La doctrina es la enseñanza de los principios divinos. Las palabras «doctrina» y «enseñanza» son una sola y misma palabra en el texto original.
Cuando la Palabra de Dios habla de la doctrina en singular, se trata casi siempre de la sana doctrina, de la buena doctrina, de la doctrina según la piedad (1 Timoteo 1:10; 4:6; 6:3). El apóstol Juan, en su segunda epístola, habla de la doctrina de Cristo, es decir, de la verdad relativa a la persona de Cristo venido en carne a la tierra: “cualquiera que se extravía, y no persevera en la doctrina de Cristo —dice—, no tiene a Dios (v. 9).
Cuando habla en plural, siempre es cuestión de falsas doctrinas: “doctrinas diversas y extrañas” (Hebreos 13:9), “doctrinas de demonios” (1 Timoteo 4:1), por las cuales no debemos dejarnos seducir.
Nos es dicho de los creyentes de la primera hora, ante todo, que “perseveraban en la doctrina de los apóstoles”, es decir, en la enseñanza que proporcionaban los apóstoles en relación con la nueva época —el cristianismo— y luego “en la comunión… en el partimiento del pan y en la oración” (Hechos 2:42).
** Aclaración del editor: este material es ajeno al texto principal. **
section \<open>Approximation in measure from an increasing filtration\<close>

definition approximable :: "'a measure \<Rightarrow> (nat \<Rightarrow> 'a measure) \<Rightarrow> 'a set \<Rightarrow> bool" where
  "approximable Q G A \<longleftrightarrow> (\<forall>\<eta>>0. \<exists>k. \<exists>B\<in>sets (G k). measure Q (sym_diff A B) < \<eta>)"

lemma approximable_simultaneously:
  assumes "finite I" "sets Q = sets M"
    and "\<forall>i\<in>I. filtration M (G i)" "\<forall>i\<in>I. A i \<in> sets M" "\<forall>i\<in>I. approximable Q (G i) (A i)"
    and "\<eta> > 0"
  shows "\<exists>k B. (\<forall>i\<in>I. B i \<in> sets (G i k)) \<and> measure Q (\<Union>i\<in>I. sym_diff (A i) (B i)) < \<eta>"
  using assms(1,3-6)
proof (induction I arbitrary: \<eta> rule: finite_induct)
  case empty
  then show ?case by simp
next
  case (insert j I)
  have "\<exists>k B. (\<forall>i\<in>I. B i \<in> sets (G i k)) \<and> measure Q (\<Union>i\<in>I. sym_diff (A i) (B i)) < \<eta>/2"
    using insert.prems by (intro insert.IH) auto
  then obtain k1 B1 where B1: "\<forall>i\<in>I. B1 i \<in> sets (G i k1)" "measure Q (\<Union>i\<in>I. sym_diff (A i) (B1 i)) < \<eta>/2"
    by blast
  obtain k2 b where b: "b \<in> sets (G j k2)" "measure Q (sym_diff (A j) b) < \<eta>/2"
    using insert.prems(3) \<open>\<eta> > 0\<close> unfolding approximable_def by (meson half_gt_zero insertI1)
  define B where "B = B1(j := b)"
  have "B i \<in> sets (G i (max k1 k2))" if "i \<in> insert j I" for i
  proof -
    have filt: "filtration M (G i)" using that insert.prems(1) by blast
    show ?thesis
    proof (cases "i = j")
      case True
      then show ?thesis using b(1) filtration_mono[OF filt, of k2 "max k1 k2"] by (auto simp: B_def)
    next
      case False
      then have "B1 i \<in> sets (G i k1)" using that B1(1) by simp
      then show ?thesis using False filtration_mono[OF filt, of k1 "max k1 k2"] by (auto simp: B_def)
    qed
  qed
  moreover have "measure Q (\<Union>i\<in>insert j I. sym_diff (A i) (B i)) < \<eta>"
  proof -
    have in_M: "X \<in> sets M" if "X \<in> sets (G i k)" "i \<in> insert j I" for X i k
      using that(1) filtration_sets_subset[of M "G i" k] that(2) insert.prems(1) by auto
    have "sym_diff (A j) b \<in> sets Q"
      using in_M[OF b(1)] insert.prems(2) assms(2) by auto
    moreover have "sym_diff (A i) (B1 i) \<in> sets M" if "i \<in> I" for i
      using in_M[of "B1 i" i k1] B1(1) insert.prems(2) that by auto
    then have "(\<Union>i\<in>I. sym_diff (A i) (B1 i)) \<in> sets Q"
      using assms(2) insert.hyps(1) by (simp add: sets.finite_UN)
    moreover have "(\<Union>i\<in>I. sym_diff (A i) (B i)) = (\<Union>i\<in>I. sym_diff (A i) (B1 i))"
      using insert.hyps(2) unfolding B_def by (intro SUP_cong) auto
    then have "(\<Union>i\<in>insert j I. sym_diff (A i) (B i)) = sym_diff (A j) b \<union> (\<Union>i\<in>I. sym_diff (A i) (B1 i))"
      by (simp add: B_def)
    ultimately have "measure Q (\<Union>i\<in>insert j I. sym_diff (A i) (B i))
        \<le> measure Q (sym_diff (A j) b) + measure Q (\<Union>i\<in>I. sym_diff (A i) (B1 i))"
      by (simp add: measure_Un_le)
    then show ?thesis using B1(2) b(2) by linarith
  qed
  ultimately show ?case by (intro exI[of _ "max k1 k2"] exI[of _ B]) simp
qed

lemma approximable_Diff_space:
  assumes "filtration M G" "a \<subseteq> space M" "approximable Q G a"
  shows "approximable Q G (space M - a)"
  unfolding approximable_def
proof (intro allI impI)
  fix \<eta> :: real assume "\<eta> > 0"
  then obtain k B where B: "B \<in> sets (G k)" "measure Q (sym_diff a B) < \<eta>"
    using assms(3) unfolding approximable_def by blast
  then have "space M - B \<in> sets (G k)"
    using sets.compl_sets[of B "G k"] by (simp add: filtration_space[OF assms(1)])
  moreover have "B \<subseteq> space M"
    using sets.sets_into_space[OF B(1)] by (simp add: filtration_space[OF assms(1)])
  then have "sym_diff (space M - a) (space M - B) = sym_diff a B" using assms(2) by blast
  ultimately show "\<exists>k. \<exists>B'\<in>sets (G k). measure Q (sym_diff (space M - a) B') < \<eta>"
    using B(2) by (intro exI[of _ k] bexI[of _ "space M - B"]) simp_all
qed
section \<open>Asymptotics\<close>

lemma parity_theory_card_bound_square:
  assumes "w \<ge> 2" "simple_theory_on (w\<^sup>2) D" "models (w\<^sup>2) D = parity (w\<^sup>2)"
    and "real (card D) \<le> C * real w ^ (2 * d)"
  shows "1 / 2 \<le> 2 * C * real w ^ (2 * d + 2) / 2 ^ w
                 + real w ^ 2 / 2 powr ((real w ^ 2 - 1) / (8 * real w))"
proof -
  define n where "n = w\<^sup>2"
  define h where "h = n div 2"
  define c where "c = n - h"
  define s where "s = real (card D)"
  define P where "P = 2 powr (real h / (4 * real w))"
  define t where "t = s * n / 2 ^ w"
  have "w \<le> n"
    using assms(1) by (simp add: n_def power2_eq_square)
  then have n: "n \<ge> 1" "c > 0" "c + h \<le> n + 1" "n \<le> 2 * c"
    using assms(1) by (auto simp: c_def h_def)
  have "s \<ge> 0"
    by (simp add: s_def)
  have "1 / 2 \<le> s / 2 ^ n + n * (1 / P + s * n / (real c * 2 ^ (w + 1)))"
    using parity_theory_card_bound[OF n(1) assms(2,3)[folded n_def] _ n(2,3), of w] assms(1)
    by (simp add: s_def P_def)
  then have "1 / 2 \<le> s / 2 ^ n + n / P + s * n * (n / c) / 2 ^ (w + 1)"
    by (simp add: distrib_left mult_ac)
  moreover have "s / 2 ^ n \<le> t"
  proof -
    have "s / 2 ^ n \<le> s / 2 ^ w"
      using \<open>s \<ge> 0\<close> \<open>w \<le> n\<close> by (intro divide_left_mono power_increasing) auto
    also have "\<dots> \<le> t"
      using \<open>s \<ge> 0\<close> n(1) unfolding t_def by (intro divide_right_mono) (auto simp: mult_le_cancel_left1)
    finally show ?thesis .
  qed
  moreover have "s * n * (n / c) / 2 ^ (w + 1) \<le> t"
  proof -
    have "real n / c \<le> 2"
      using n(2,4) by (simp add: divide_le_eq flip: of_nat_le_iff)
    then have "s * n * (n / c) / 2 ^ (w + 1) \<le> s * n * 2 / 2 ^ (w + 1)"
      using \<open>s \<ge> 0\<close> by (intro divide_right_mono mult_left_mono) auto
    also have "\<dots> = t"
      by (simp add: t_def)
    finally show ?thesis .
  qed
  moreover have "n / P \<le> real w ^ 2 / 2 powr ((real w ^ 2 - 1) / (8 * real w))"
  proof -
    have "real n \<le> 2 * h + 1"
      by (simp add: h_def)
    then have "(real w ^ 2 - 1) / (8 * real w) \<le> real h / (4 * real w)"
      using assms(1) by (simp add: n_def divide_le_eq field_simps)
    then show ?thesis
      by (simp add: P_def n_def divide_left_mono)
  qed
  moreover have "t \<le> C * real w ^ (2 * d + 2) / 2 ^ w"
  proof -
    have "s * n \<le> C * real w ^ (2 * d) * real w ^ 2"
      using assms(4) by (simp add: s_def n_def mult_right_mono)
    also have "\<dots> = C * real w ^ (2 * d + 2)"
      by (simp add: power_add power2_eq_square)
    finally show ?thesis
      unfolding t_def by (rule divide_right_mono) simp
  qed
  ultimately show ?thesis
    by linarith
qed
text \<open>(id_P tensor \<Phi>)(\<rho>) for \<rho> on P tensor S, \<Phi> a map from S (dim dIn) to an output system (dim dOut).\<close>
definition id_tensor :: "nat \<Rightarrow> nat \<Rightarrow> nat \<Rightarrow> (complex mat \<Rightarrow> complex mat) \<Rightarrow> complex mat \<Rightarrow> complex mat" where
  "id_tensor dP dIn dOut \<Phi> \<rho> = mat (dP * dOut) (dP * dOut)
     (\<lambda>(i, j). \<Phi> (block dIn \<rho> (i div dOut) (j div dOut)) $$ (i mod dOut, j mod dOut))"

definition ptrace2 :: "nat \<Rightarrow> nat \<Rightarrow> complex mat \<Rightarrow> complex mat" where
  "ptrace2 dP dS \<rho> = mat dP dP (\<lambda>(i, j). \<Sum>k<dS. \<rho> $$ (i * dS + k, j * dS + k))"

definition linear_map :: "nat \<Rightarrow> nat \<Rightarrow> (complex mat \<Rightarrow> complex mat) \<Rightarrow> bool" where
  "linear_map dIn dOut \<Phi> \<longleftrightarrow>
     (\<forall>A \<in> carrier_mat dIn dIn. \<Phi> A \<in> carrier_mat dOut dOut) \<and>
     (\<forall>A \<in> carrier_mat dIn dIn. \<forall>B \<in> carrier_mat dIn dIn. \<Phi> (A + B) = \<Phi> A + \<Phi> B) \<and>
     (\<forall>A \<in> carrier_mat dIn dIn. \<forall>c. \<Phi> (c \<cdot>\<^sub>m A) = c \<cdot>\<^sub>m \<Phi> A)"

definition completely_positive :: "nat \<Rightarrow> nat \<Rightarrow> (complex mat \<Rightarrow> complex mat) \<Rightarrow> bool" where
  "completely_positive dIn dOut \<Phi> \<longleftrightarrow> linear_map dIn dOut \<Phi> \<and>
     (\<forall>k \<rho>. psd (k * dIn) \<rho> \<longrightarrow> psd (k * dOut) (id_tensor k dIn dOut \<Phi> \<rho>))"

definition trace_nonincreasing :: "nat \<Rightarrow> (complex mat \<Rightarrow> complex mat) \<Rightarrow> bool" where
  "trace_nonincreasing dIn \<Phi> \<longleftrightarrow> (\<forall>\<rho>. psd dIn \<rho> \<longrightarrow> Re (mtrace (\<Phi> \<rho>)) \<le> Re (mtrace \<rho>))"
locale bv_reich_contraction =
  fixes v :: nat and \<theta> \<rho> :: "'a \<Rightarrow> 'a \<Rightarrow> real" and S :: "'a \<Rightarrow> 'a" and \<alpha> \<beta> \<gamma> :: real
  assumes v_pos: "1 \<le> v"
    and metric: "bv_metric v \<theta> \<rho>"
    and contraction: "\<And>u w. \<rho> (S u) (S w) \<le> \<alpha> * \<rho> u w + \<beta> * \<rho> u (S u) + \<gamma> * \<rho> w (S w)"
    and nonneg: "0 \<le> \<alpha>" "0 \<le> \<beta>" "0 \<le> \<gamma>"
    and sum_less_1: "\<alpha> + \<beta> + \<gamma> < 1"
begin

lemmas theta_ge_1 = bv_metricD(1)[OF metric]
  and dist_nonneg = bv_metricD(2)[OF metric]
  and dist_eq_0_iff = bv_metricD(3)[OF metric]
  and dist_commute = bv_metricD(4)[OF metric]

lemma dist_self [simp]: "\<rho> u u = 0"
  by (simp add: dist_eq_0_iff)

definition step_ratio :: real where
  "step_ratio = (\<alpha> + \<beta>) / (1 - \<gamma>)"

definition rate :: real where
  "rate = (1 + max \<alpha> step_ratio) / 2"

lemma step_ratio_nonneg: "0 \<le> step_ratio"
  and step_ratio_less_1: "step_ratio < 1"
  using nonneg sum_less_1 by (simp_all add: step_ratio_def divide_simps)

lemma rate_gt: "\<alpha> < rate" "step_ratio < rate"
  and rate_nonneg: "0 \<le> rate"
  and rate_less_1: "rate < 1"
  using nonneg sum_less_1 step_ratio_nonneg step_ratio_less_1 by (auto simp: rate_def)

lemma fixed_point_unique:
  assumes "S a = a" "S b = b"
  shows "a = b"
proof -
  have "(1 - \<alpha>) * \<rho> a b \<le> 0"
    using contraction[of a b] assms by (simp add: algebra_simps)
  then have "\<rho> a b \<le> 0"
    using nonneg sum_less_1 by (simp add: mult_le_0_iff)
  then show ?thesis
    using dist_nonneg[of a b] dist_eq_0_iff[of a b] by simp
qed

lemma contraction_max_min:
  "\<rho> (S u) (S w) \<le> \<alpha> * \<rho> u w + max \<beta> \<gamma> * \<rho> u (S u) + min \<beta> \<gamma> * \<rho> w (S w)"
proof (cases "\<beta> \<le> \<gamma>")
  case True
  then show ?thesis
    using contraction[of w u] by (simp add: dist_commute[of u w] dist_commute[of "S u"])
next
  case False
  then show ?thesis
    using contraction[of u w] by simp
qed

abbreviation orbit :: "'a \<Rightarrow> nat \<Rightarrow> 'a" where
  "orbit u \<equiv> \<lambda>n. (S ^^ n) u"

lemma orbit_step_contracts:
  "\<rho> (orbit u (Suc n)) (orbit u (Suc (Suc n))) \<le> step_ratio * \<rho> (orbit u n) (orbit u (Suc n))"
proof -
  let ?d = "\<lambda>n. \<rho> (orbit u n) (orbit u (Suc n))"
  have "?d (Suc n) \<le> \<alpha> * ?d n + \<beta> * ?d n + \<gamma> * ?d (Suc n)"
    using contraction[of "orbit u n" "orbit u (Suc n)"] by simp
  then have "(1 - \<gamma>) * ?d (Suc n) \<le> (\<alpha> + \<beta>) * ?d n"
    by (simp add: algebra_simps)
  then show ?thesis
    using nonneg sum_less_1 by (simp add: step_ratio_def pos_le_divide_eq mult.commute)
qed

lemma orbit_step_le_geometric:
  "\<rho> (orbit u n) (orbit u (Suc n)) \<le> \<rho> u (S u) * rate ^ n"
  using linear_recurrence_le_geometric[of "\<lambda>n. \<rho> (orbit u n) (orbit u (Suc n))" step_ratio 0 rate]
    orbit_step_contracts step_ratio_nonneg rate_gt dist_nonneg by simp

lemma orbit_converges_to_fixed_point:
  assumes "S p = p"
  shows "bv_converges \<rho> (orbit u) p"
proof -
  let ?e = "\<lambda>n. \<rho> (orbit u n) p"
  have "?e (Suc n) \<le> \<alpha> * ?e n + (\<beta> * \<rho> u (S u)) * rate ^ n" for n
  proof -
    have "?e (Suc n) \<le> \<alpha> * ?e n + \<beta> * \<rho> (orbit u n) (orbit u (Suc n))"
      using contraction[of "orbit u n" p] assms by simp
    also have "\<dots> \<le> \<alpha> * ?e n + \<beta> * (\<rho> u (S u) * rate ^ n)"
      using orbit_step_le_geometric nonneg by (simp add: mult_left_mono)
    finally show ?thesis
      by (simp add: mult_ac)
  qed
  then have "?e n \<le> (?e 0 + \<beta> * \<rho> u (S u) / (rate - \<alpha>)) * rate ^ n" for n
    by (rule linear_recurrence_le_geometric) (use nonneg rate_gt dist_nonneg in auto)
  then show ?thesis
    using rate_nonneg rate_less_1 by (rule bv_converges_geometric)
qed

lemma orbit_inj:
  assumes no_fixed: "\<And>n. S (orbit u n) \<noteq> orbit u n"
  shows "inj (orbit u)"
proof -
  let ?d = "\<lambda>n. \<rho> (orbit u n) (orbit u (Suc n))"
  have d_pos: "0 < ?d n" for n
    using no_fixed[of n] dist_nonneg dist_eq_0_iff by (simp add: order_less_le)
  have "decseq ?d"
    using step_ratio_less_1 d_pos
    by (intro decseq_SucI order_trans[OF orbit_step_contracts mult_left_le_one_le])
      (auto simp: less_imp_le step_ratio_nonneg)
  have no_return: "orbit u a \<noteq> orbit u b" if "a < b" for a b
  proof
    assume same: "orbit u a = orbit u b"
    have "?d b \<le> ?d (Suc a)"
      using decseqD[OF \<open>decseq ?d\<close>, of "Suc a" b] that by simp
    also have "\<dots> \<le> step_ratio * ?d a"
      by (rule orbit_step_contracts)
    also have "\<dots> < ?d a"
      using step_ratio_less_1 d_pos[of a] by simp
    also have "\<dots> = ?d b"
      using same by (metis funpow.simps(2) o_apply)
    finally show False
      by simp
  qed
  show ?thesis
    by (rule injI) (metis linorder_neqE_nat no_return)
qed

lemma orbit_shift_le_geometric:
  "\<exists>C. \<forall>m n. \<rho> (orbit u n) (orbit u (m + n)) \<le> (\<rho> u (orbit u m) + C) * rate ^ n"
proof (intro exI allI)
  fix m n
  let ?e = "\<lambda>n. \<rho> (orbit u n) (orbit u (m + n))"
  let ?c = "(\<beta> + \<gamma>) * \<rho> u (S u)"
  have "?e (Suc n) \<le> \<alpha> * ?e n + ?c * rate ^ n" for n
  proof -
    have "rate ^ (m + n) \<le> rate ^ n"
      using rate_nonneg rate_less_1 by (simp add: power_decreasing)
    then have far: "\<rho> (orbit u (m + n)) (orbit u (Suc (m + n))) \<le> \<rho> u (S u) * rate ^ n"
      using orbit_step_le_geometric[where n="m + n"] dist_nonneg[of u "S u"]
      by (meson mult_left_mono order_trans)
    have "?e (Suc n) \<le> \<alpha> * ?e n + \<beta> * \<rho> (orbit u n) (orbit u (Suc n))
        + \<gamma> * \<rho> (orbit u (m + n)) (orbit u (Suc (m + n)))"
      using contraction[of "orbit u n" "orbit u (m + n)"] by simp
    also have "\<dots> \<le> \<alpha> * ?e n + \<beta> * (\<rho> u (S u) * rate ^ n) + \<gamma> * (\<rho> u (S u) * rate ^ n)"
      using orbit_step_le_geometric[where n=n] far nonneg by (intro add_mono mult_left_mono) auto
    finally show ?thesis
      by (simp add: algebra_simps)
  qed
  then have "?e n \<le> (?e 0 + ?c / (rate - \<alpha>)) * rate ^ n"
    by (rule linear_recurrence_le_geometric) (use nonneg rate_gt dist_nonneg in auto)
  then show "?e n \<le> (\<rho> u (orbit u m) + ?c / (rate - \<alpha>)) * rate ^ n"
    by simp
qed

lemma orbit_chain_bound:
  assumes inj: "inj (orbit u)" and "v \<le> N"
  shows "\<exists>A\<ge>0. \<forall>P>N. \<rho> u (orbit u P) \<le> \<theta> u (orbit u P) * (A + \<rho> (orbit u N) (orbit u P))"
proof (intro exI conjI allI impI)
  define q where "q i = orbit u (if i < v then i else N)" for i
  show "0 \<le> (\<Sum>i<v. \<rho> (q i) (q (Suc i)))"
    by (simp add: sum_nonneg dist_nonneg)
  fix P
  assume "N < P"
  \<comment> \<open>the chain u, x_1, ..., x_(v-1), x_N, x_P, whose first v links do not depend on P\<close>
  define f where "f i = (if i < v then i else if i = v then N else P)" for i
  have "inj_on f {0..Suc v}"
    using \<open>v \<le> N\<close> \<open>N < P\<close> unfolding inj_on_def f_def by auto
  then have "inj_on (orbit u \<circ> f) {0..Suc v}"
    using inj by (simp add: comp_inj_on inj_on_subset)
  then have "\<rho> u (orbit u P) \<le> \<theta> u (orbit u P) * (\<Sum>i\<le>v. \<rho> (orbit u (f i)) (orbit u (f (Suc i))))"
    using bv_metric_chain[OF metric, of "orbit u \<circ> f"] v_pos by (simp add: f_def)
  also have "(\<Sum>i\<le>v. \<rho> (orbit u (f i)) (orbit u (f (Suc i))))
      = (\<Sum>i<v. \<rho> (orbit u (f i)) (orbit u (f (Suc i)))) + \<rho> (orbit u N) (orbit u P)"
    by (simp add: lessThan_Suc_atMost[symmetric] f_def)
  also have "(\<Sum>i<v. \<rho> (orbit u (f i)) (orbit u (f (Suc i)))) = (\<Sum>i<v. \<rho> (q i) (q (Suc i)))"
    by (rule sum.cong) (auto simp: f_def q_def)
  finally show "\<rho> u (orbit u P) \<le> \<theta> u (orbit u P) * ((\<Sum>i<v. \<rho> (q i) (q (Suc i))) + \<rho> (orbit u N) (orbit u P))" .
qed

lemma orbit_bounded:
  assumes inj: "inj (orbit u)" and K: "\<And>u w. \<theta> u w \<le> K"
  shows "bdd_above (range (\<lambda>n. \<rho> u (orbit u n)))"
proof -
  obtain C where C: "\<And>m n. \<rho> (orbit u n) (orbit u (m + n)) \<le> (\<rho> u (orbit u m) + C) * rate ^ n"
    using orbit_shift_le_geometric by blast
  obtain N0 where "\<And>n. N0 \<le> n \<Longrightarrow> K * rate ^ n < 1"
    using eventually_geometric_less[OF rate_nonneg rate_less_1, of 1 K]
    unfolding eventually_sequentially by auto
  then obtain N where N: "v \<le> N" "K * rate ^ N < 1"
    by (metis max.cobounded1 max.cobounded2)
  obtain A where A: "0 \<le> A"
    and chain: "\<And>P. N < P \<Longrightarrow> \<rho> u (orbit u P) \<le> \<theta> u (orbit u P) * (A + \<rho> (orbit u N) (orbit u P))"
    using orbit_chain_bound[OF inj N(1)] by blast
  have "0 \<le> K"
    using K[of u u] theta_ge_1[of u u] by simp
  show ?thesis
  proof (rule bdd_above_range_if_recursive_bound)
    show "0 < N" "0 \<le> K * rate ^ N" "K * rate ^ N < 1"
      using v_pos N \<open>0 \<le> K\<close> rate_nonneg by auto
    fix P
    assume "N < P"
    have "\<rho> u (orbit u P) \<le> \<theta> u (orbit u P) * (A + \<rho> (orbit u N) (orbit u P))"
      using chain[OF \<open>N < P\<close>] .
    also have "\<dots> \<le> K * (A + \<rho> (orbit u N) (orbit u P))"
      using K A dist_nonneg by (intro mult_right_mono) auto
    also have "\<dots> \<le> K * (A + (\<rho> u (orbit u (P - N)) + C) * rate ^ N)"
      using C[where m="P - N" and n=N] \<open>N < P\<close> \<open>0 \<le> K\<close> by (simp add: mult_left_mono)
    also have "\<dots> = K * (A + C * rate ^ N) + K * rate ^ N * \<rho> u (orbit u (P - N))"
      by (simp add: algebra_simps)
    finally show "\<rho> u (orbit u P) \<le> K * (A + C * rate ^ N) + K * rate ^ N * \<rho> u (orbit u (P - N))" .
  qed
qed

lemma orbit_cauchy:
  assumes "inj (orbit u)" "\<And>u w. \<theta> u w \<le> K"
  shows "bv_cauchy \<rho> (orbit u)"
proof -
  obtain M where M: "\<And>m. \<rho> u (orbit u m) \<le> M"
    using orbit_bounded[OF assms] by (auto simp: bdd_above_def)
  obtain C where C: "\<And>m n. \<rho> (orbit u n) (orbit u (m + n)) \<le> (\<rho> u (orbit u m) + C) * rate ^ n"
    using orbit_shift_le_geometric by blast
  have "\<rho> (orbit u n) (orbit u (n + p)) \<le> (M + C) * rate ^ n" for n p
  proof -
    have "\<rho> (orbit u n) (orbit u (n + p)) \<le> (\<rho> u (orbit u p) + C) * rate ^ n"
      using C[where m=p and n=n] by (simp only: add.commute)
    also have "\<dots> \<le> (M + C) * rate ^ n"
      using M[of p] rate_nonneg by (intro mult_right_mono) auto
    finally show ?thesis .
  qed
  then show ?thesis
    using rate_nonneg rate_less_1 by (rule bv_cauchy_geometric)
qed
En los distintos aspectos del ministerio de la Palabra de Dios, la enseñanza doctrinal constituye el aspecto fundamental. Es presentado por medio de aquellos a quienes Dios ha dado a la Asamblea como “maestros”, es decir, los que enseñan (1 Corintios 12:28; Efesios 4:11). Sobre la base de esta sana enseñanza —que un día los hombres no sufrirán (2 Timoteo 4:3)— son presentadas las exhortaciones y las advertencias “para que ya no seamos niños fluctuantes, llevados por doquiera de todo viento de doctrina, por estratagema de hombres que para engañar emplean con astucia las artimañas del error” (Efesios 4:14).